> _Assigned task_
Every line of the data below that holds the string "induct" needs to be reported.

[Records from a data collection]
* * * * * * * * *

definition laurent_span :: "'a::ring_1 \<Rightarrow> 'a \<Rightarrow> (nat \<Rightarrow> 'a) \<Rightarrow> nat \<Rightarrow> 'a set" where
  "laurent_span d d' b n = {\<Sum>j<n. c j * b j | c. \<forall>j<n. c j \<in> laurent_scalars d d'}"

lemma laurent_span_zero: "0 \<in> laurent_span d d' b n"
  unfolding laurent_span_def using zero_in_laurent_scalars
  by (auto intro!: exI[of _ "\<lambda>_. 0"])

lemma laurent_span_add:
  assumes "x \<in> laurent_span d d' b n" "y \<in> laurent_span d d' b n"
  shows "x + y \<in> laurent_span d d' b n"
proof -
  from assms obtain c c' where
    "\<forall>j<n. c j \<in> laurent_scalars d d'" "\<forall>j<n. c' j \<in> laurent_scalars d d'"
    "x = (\<Sum>j<n. c j * b j)" "y = (\<Sum>j<n. c' j * b j)"
    unfolding laurent_span_def by blast
  then show ?thesis
    unfolding laurent_span_def
    by (auto intro!: exI[of _ "\<lambda>j. c j + c' j"] laurent_scalars.add simp: distrib_right sum.distrib)
qed

lemma laurent_span_uminus:
  assumes "x \<in> laurent_span d d' b n"
  shows "- x \<in> laurent_span d d' b n"
proof -
  from assms obtain c where "\<forall>j<n. c j \<in> laurent_scalars d d'" "x = (\<Sum>j<n. c j * b j)"
    unfolding laurent_span_def by blast
  then show ?thesis
    unfolding laurent_span_def
    by (auto intro!: exI[of _ "\<lambda>j. - c j"] laurent_scalars.neg simp: sum_negf)
qed

lemma laurent_span_scale:
  assumes "s \<in> laurent_scalars d d'" "x \<in> laurent_span d d' b n"
  shows "s * x \<in> laurent_span d d' b n"
proof -
  from assms(2) obtain c where "\<forall>j<n. c j \<in> laurent_scalars d d'" "x = (\<Sum>j<n. c j * b j)"
    unfolding laurent_span_def by blast
  with assms(1) show ?thesis
    unfolding laurent_span_def
    by (auto intro!: exI[of _ "\<lambda>j. s * c j"] laurent_scalars.mult simp: sum_distrib_left mult.assoc)
qed

lemma laurent_span_sum:
  "finite A \<Longrightarrow> (\<And>a. a \<in> A \<Longrightarrow> f a \<in> laurent_span d d' b n) \<Longrightarrow> sum f A \<in> laurent_span d d' b n"
  by (induct A rule: finite_induct) (simp_all add: laurent_span_zero laurent_span_add)

lemma laurent_span_basis:
  assumes "j < n"
  shows "b j \<in> laurent_span d d' b n"
proof -
  have "(\<Sum>l<n. (if l = j then 1 else 0) * b l) = (\<Sum>l<n. if l = j then b l else 0)"
    by (intro sum.cong) auto
  then have "b j = (\<Sum>l<n. (if l = j then 1 else 0) * b l)"
    using assms by simp
  then show ?thesis
    unfolding laurent_span_def
    by (auto intro!: exI[of _ "\<lambda>l. if l = j then 1 else 0"]
        laurent_scalars.one zero_in_laurent_scalars)
qed

lemma laurent_span_mult:
  assumes central: "\<And>s x. s \<in> laurent_scalars d d' \<Longrightarrow> s * x = x * s"
    and basis_mult: "\<And>j l. j < n \<Longrightarrow> l < n \<Longrightarrow> b j * b l \<in> laurent_span d d' b n"
    and x: "x \<in> laurent_span d d' b n" and y: "y \<in> laurent_span d d' b n"
  shows "x * y \<in> laurent_span d d' b n"
proof -
  from x obtain c where c: "\<forall>j<n. c j \<in> laurent_scalars d d'" "x = (\<Sum>j<n. c j * b j)"
    unfolding laurent_span_def by blast
  from y obtain c' where c': "\<forall>l<n. c' l \<in> laurent_scalars d d'" "y = (\<Sum>l<n. c' l * b l)"
    unfolding laurent_span_def by blast
  have "c j * b j * (c' l * b l) = c j * (c' l * (b j * b l))" if "l < n" for j l
    using central[of "c' l" "b j"] c'(1) that by (metis mult.assoc)
  then have "x * y = (\<Sum>j<n. \<Sum>l<n. c j * (c' l * (b j * b l)))"
    unfolding c(2) c'(2) sum_product by (intro sum.cong refl) simp
  also have "\<dots> \<in> laurent_span d d' b n"
  proof -
    have "c j * (c' l * (b j * b l)) \<in> laurent_span d d' b n" if "j < n" "l < n" for j l
      using that c(1) c'(1) basis_mult laurent_span_scale by metis
    then show ?thesis
      by (intro laurent_span_sum) auto
  qed
  finally show ?thesis .
qed

section \<open>Monomials and the 39 normal forms\<close>

lemma brM_mult:
  "x \<in> brM d d' r0 r1 e0 e1 \<Longrightarrow> y \<in> brM d d' r0 r1 e0 e1 \<Longrightarrow> x * y \<in> brM d d' r0 r1 e0 e1"
  by (induct rule: brM.induct) (simp_all add: mult.assoc brM.gen)

lemma alg_word_Nil [simp]: "alg_word r0 r1 [] = 1"
  by (simp add: alg_word_def)

lemma alg_word_Cons [simp]:
  "alg_word r0 r1 (i # ws) = (if i = 0 then r0 else r1) * alg_word r0 r1 ws"
  by (simp add: alg_word_def)

lemma alg_word_append: "alg_word r0 r1 (us @ vs) = alg_word r0 r1 us * alg_word r0 r1 vs"
  by (simp add: alg_word_def)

* * * * * * * * *

> _Final answer_
  by (induct A rule: finite_induct) (simp_all add: laurent_span_zero laurent_span_add)
  by (induct rule: brM.induct) (simp_all add: mult.assoc brM.gen)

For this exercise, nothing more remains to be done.